Copy out all lines in the material below that contain the string "rule".

Segment Start: INFORMATION PROVIDED

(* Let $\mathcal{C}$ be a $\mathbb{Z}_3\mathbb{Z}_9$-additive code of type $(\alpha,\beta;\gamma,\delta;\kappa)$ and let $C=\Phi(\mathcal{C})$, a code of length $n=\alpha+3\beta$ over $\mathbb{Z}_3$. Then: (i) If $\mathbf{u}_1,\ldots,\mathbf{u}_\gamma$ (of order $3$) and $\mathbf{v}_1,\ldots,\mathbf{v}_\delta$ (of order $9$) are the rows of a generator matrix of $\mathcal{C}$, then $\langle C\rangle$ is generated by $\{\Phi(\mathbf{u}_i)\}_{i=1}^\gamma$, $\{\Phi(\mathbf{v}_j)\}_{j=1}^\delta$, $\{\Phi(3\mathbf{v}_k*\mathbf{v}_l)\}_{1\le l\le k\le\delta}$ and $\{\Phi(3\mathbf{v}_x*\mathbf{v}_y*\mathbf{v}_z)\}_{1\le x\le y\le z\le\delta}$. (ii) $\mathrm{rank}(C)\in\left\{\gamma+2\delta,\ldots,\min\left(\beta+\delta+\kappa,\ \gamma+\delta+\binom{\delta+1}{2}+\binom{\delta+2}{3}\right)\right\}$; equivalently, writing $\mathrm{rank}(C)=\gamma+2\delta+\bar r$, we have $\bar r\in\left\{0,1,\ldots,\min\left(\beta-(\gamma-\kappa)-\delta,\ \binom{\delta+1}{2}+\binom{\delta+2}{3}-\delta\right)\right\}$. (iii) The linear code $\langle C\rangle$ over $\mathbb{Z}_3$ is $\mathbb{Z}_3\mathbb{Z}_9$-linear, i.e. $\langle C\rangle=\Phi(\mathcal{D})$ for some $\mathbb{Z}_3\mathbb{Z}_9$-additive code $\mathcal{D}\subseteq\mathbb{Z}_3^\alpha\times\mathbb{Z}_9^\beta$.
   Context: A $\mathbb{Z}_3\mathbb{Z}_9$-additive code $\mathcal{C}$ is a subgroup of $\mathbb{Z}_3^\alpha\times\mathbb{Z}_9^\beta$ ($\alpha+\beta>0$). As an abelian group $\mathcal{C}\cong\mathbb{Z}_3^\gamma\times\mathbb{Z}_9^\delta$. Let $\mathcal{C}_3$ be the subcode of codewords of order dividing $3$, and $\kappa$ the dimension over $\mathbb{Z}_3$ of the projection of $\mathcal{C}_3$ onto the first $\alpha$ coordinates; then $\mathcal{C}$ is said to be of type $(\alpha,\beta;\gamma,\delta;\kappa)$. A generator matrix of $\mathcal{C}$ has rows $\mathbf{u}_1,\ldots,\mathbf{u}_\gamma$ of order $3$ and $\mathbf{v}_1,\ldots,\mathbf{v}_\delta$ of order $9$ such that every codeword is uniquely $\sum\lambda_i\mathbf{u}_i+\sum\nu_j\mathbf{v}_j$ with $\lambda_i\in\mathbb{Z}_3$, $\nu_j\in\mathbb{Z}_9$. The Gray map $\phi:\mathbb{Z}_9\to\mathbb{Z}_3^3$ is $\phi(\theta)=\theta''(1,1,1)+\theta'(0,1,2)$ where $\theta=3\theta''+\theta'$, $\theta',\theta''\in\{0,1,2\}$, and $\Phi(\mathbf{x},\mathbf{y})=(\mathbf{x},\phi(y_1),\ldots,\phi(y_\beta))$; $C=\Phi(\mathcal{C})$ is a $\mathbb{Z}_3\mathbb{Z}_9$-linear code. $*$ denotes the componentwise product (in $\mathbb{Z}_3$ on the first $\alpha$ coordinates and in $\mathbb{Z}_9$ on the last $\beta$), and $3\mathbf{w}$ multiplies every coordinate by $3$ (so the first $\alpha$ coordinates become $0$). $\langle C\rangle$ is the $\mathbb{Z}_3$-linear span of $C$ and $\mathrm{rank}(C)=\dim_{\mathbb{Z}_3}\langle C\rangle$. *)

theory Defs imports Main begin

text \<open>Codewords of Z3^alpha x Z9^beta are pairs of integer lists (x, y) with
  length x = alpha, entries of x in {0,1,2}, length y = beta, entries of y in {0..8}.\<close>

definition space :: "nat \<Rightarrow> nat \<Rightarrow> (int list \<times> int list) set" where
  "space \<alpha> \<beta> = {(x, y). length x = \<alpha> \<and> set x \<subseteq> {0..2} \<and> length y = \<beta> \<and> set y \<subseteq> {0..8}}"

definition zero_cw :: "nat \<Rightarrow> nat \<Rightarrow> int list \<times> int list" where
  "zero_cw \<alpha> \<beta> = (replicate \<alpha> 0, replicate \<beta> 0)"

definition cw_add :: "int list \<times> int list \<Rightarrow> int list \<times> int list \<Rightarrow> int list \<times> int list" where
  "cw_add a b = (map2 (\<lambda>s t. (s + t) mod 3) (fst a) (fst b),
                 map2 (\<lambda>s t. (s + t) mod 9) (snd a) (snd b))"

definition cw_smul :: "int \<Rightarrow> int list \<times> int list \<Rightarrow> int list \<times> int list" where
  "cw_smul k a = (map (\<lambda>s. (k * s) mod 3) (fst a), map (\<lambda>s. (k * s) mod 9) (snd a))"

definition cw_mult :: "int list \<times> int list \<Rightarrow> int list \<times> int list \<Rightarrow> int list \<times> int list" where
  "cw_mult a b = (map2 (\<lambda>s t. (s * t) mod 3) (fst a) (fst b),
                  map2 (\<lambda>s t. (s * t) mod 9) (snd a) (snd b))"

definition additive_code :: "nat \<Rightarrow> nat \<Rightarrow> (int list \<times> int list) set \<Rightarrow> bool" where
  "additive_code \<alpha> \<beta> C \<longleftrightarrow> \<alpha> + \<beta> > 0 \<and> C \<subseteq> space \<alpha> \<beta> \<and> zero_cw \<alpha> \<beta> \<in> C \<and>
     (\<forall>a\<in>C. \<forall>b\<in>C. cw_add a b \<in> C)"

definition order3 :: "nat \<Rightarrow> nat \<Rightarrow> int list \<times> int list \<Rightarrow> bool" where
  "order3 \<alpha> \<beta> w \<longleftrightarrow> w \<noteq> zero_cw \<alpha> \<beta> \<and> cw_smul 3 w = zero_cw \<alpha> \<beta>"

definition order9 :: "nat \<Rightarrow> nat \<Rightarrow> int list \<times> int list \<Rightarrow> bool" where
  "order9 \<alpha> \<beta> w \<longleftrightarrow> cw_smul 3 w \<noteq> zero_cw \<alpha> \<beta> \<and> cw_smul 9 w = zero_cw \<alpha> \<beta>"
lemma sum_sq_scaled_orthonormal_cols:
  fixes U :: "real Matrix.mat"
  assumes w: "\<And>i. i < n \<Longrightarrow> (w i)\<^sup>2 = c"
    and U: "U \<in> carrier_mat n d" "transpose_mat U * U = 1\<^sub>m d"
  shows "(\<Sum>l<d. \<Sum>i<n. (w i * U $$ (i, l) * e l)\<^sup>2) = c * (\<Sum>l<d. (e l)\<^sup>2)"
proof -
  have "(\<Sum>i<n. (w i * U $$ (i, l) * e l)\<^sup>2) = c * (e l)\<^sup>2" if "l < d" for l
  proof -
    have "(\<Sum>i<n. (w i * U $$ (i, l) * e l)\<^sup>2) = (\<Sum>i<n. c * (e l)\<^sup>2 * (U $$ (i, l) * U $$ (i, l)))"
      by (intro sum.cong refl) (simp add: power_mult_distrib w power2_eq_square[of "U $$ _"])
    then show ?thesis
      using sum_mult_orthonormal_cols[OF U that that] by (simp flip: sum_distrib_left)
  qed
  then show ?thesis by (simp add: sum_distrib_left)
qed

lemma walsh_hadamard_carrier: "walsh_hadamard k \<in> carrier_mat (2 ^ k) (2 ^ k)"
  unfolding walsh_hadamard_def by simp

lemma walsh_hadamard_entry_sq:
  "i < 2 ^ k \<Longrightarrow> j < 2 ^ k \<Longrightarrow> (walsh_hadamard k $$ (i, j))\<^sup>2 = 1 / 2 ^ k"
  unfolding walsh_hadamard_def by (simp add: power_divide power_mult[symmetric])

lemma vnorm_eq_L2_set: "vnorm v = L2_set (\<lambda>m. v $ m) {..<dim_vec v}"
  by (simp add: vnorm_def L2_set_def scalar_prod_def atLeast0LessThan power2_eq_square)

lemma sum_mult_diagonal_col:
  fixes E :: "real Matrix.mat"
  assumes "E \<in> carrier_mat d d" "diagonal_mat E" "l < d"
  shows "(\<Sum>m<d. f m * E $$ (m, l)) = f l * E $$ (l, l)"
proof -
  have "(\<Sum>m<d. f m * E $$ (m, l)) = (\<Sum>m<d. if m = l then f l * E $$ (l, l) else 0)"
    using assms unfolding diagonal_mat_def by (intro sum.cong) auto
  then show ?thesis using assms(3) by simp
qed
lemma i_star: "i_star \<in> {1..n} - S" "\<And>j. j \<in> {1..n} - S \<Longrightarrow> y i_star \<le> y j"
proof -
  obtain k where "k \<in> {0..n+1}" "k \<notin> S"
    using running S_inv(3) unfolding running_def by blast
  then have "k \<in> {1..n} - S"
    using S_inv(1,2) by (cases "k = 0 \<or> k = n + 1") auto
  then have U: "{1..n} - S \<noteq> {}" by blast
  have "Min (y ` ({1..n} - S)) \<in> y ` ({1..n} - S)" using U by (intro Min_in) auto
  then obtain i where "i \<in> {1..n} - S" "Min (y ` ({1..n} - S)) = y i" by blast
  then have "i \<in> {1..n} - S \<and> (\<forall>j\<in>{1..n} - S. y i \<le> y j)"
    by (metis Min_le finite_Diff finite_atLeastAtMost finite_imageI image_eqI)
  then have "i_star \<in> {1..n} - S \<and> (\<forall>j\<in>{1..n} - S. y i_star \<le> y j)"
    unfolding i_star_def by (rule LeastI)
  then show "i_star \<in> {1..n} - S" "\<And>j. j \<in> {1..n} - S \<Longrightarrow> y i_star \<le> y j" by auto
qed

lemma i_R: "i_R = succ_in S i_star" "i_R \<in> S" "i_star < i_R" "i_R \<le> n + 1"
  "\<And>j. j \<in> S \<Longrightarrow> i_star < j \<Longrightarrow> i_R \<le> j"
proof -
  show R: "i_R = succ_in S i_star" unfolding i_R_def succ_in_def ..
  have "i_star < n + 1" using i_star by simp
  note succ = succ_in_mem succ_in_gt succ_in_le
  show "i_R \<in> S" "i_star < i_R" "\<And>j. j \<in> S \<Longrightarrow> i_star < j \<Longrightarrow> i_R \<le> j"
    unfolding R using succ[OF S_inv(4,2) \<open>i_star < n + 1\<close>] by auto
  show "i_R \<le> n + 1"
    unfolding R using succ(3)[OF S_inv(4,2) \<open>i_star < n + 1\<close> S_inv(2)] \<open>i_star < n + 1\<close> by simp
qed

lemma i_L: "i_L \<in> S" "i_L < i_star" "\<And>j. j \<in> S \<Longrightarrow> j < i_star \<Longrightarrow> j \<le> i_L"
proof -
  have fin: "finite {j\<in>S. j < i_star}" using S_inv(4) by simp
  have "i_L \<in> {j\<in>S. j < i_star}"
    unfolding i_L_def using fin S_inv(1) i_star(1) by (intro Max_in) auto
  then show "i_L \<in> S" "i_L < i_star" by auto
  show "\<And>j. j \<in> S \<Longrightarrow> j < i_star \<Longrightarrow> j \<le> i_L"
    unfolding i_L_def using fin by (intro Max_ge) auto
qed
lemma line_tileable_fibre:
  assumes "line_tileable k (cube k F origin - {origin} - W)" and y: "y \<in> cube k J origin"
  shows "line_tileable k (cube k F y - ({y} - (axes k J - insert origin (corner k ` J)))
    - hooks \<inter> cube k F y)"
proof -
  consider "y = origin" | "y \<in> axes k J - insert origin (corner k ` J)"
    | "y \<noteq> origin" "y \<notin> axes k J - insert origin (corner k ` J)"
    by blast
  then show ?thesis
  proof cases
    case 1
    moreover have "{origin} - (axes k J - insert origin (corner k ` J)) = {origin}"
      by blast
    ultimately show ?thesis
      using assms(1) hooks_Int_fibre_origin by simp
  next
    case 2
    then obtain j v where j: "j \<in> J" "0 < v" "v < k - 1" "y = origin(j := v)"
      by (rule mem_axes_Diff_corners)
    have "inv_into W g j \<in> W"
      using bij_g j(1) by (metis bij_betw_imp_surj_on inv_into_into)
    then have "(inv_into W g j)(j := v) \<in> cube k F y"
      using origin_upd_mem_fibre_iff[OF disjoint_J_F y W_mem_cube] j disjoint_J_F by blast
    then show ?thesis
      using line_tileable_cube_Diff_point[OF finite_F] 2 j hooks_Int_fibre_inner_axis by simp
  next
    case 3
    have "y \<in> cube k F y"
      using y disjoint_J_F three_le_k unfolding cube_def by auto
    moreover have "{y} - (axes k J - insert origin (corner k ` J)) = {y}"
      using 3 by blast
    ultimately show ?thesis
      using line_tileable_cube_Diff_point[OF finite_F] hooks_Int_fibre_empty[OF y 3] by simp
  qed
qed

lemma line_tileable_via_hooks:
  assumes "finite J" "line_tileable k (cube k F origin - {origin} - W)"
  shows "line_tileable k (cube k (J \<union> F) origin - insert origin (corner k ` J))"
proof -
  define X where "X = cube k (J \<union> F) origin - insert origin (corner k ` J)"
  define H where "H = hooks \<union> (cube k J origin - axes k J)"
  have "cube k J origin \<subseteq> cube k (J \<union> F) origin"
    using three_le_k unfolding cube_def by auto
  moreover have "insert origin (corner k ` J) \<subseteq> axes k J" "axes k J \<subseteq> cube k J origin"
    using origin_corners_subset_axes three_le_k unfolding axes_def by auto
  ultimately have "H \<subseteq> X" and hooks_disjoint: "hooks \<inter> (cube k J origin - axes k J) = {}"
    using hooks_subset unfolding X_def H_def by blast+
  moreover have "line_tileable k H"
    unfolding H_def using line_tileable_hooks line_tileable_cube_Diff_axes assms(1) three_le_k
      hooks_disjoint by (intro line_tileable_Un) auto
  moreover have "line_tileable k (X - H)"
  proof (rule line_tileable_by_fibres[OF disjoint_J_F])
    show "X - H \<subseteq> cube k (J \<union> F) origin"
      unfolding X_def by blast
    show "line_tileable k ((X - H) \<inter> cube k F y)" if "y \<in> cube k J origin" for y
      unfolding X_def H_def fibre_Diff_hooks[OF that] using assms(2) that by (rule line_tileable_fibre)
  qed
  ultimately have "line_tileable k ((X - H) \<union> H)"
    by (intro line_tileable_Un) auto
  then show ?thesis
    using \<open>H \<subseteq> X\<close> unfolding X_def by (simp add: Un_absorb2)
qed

Segment End: INFORMATION PROVIDED

## RESULT FOR THIS TASK
    unfolding i_star_def by (rule LeastI)
      by (rule mem_axes_Diff_corners)
  proof (rule line_tileable_by_fibres[OF disjoint_J_F])
      unfolding X_def H_def fibre_Diff_hooks[OF that] using assms(2) that by (rule line_tileable_fibre)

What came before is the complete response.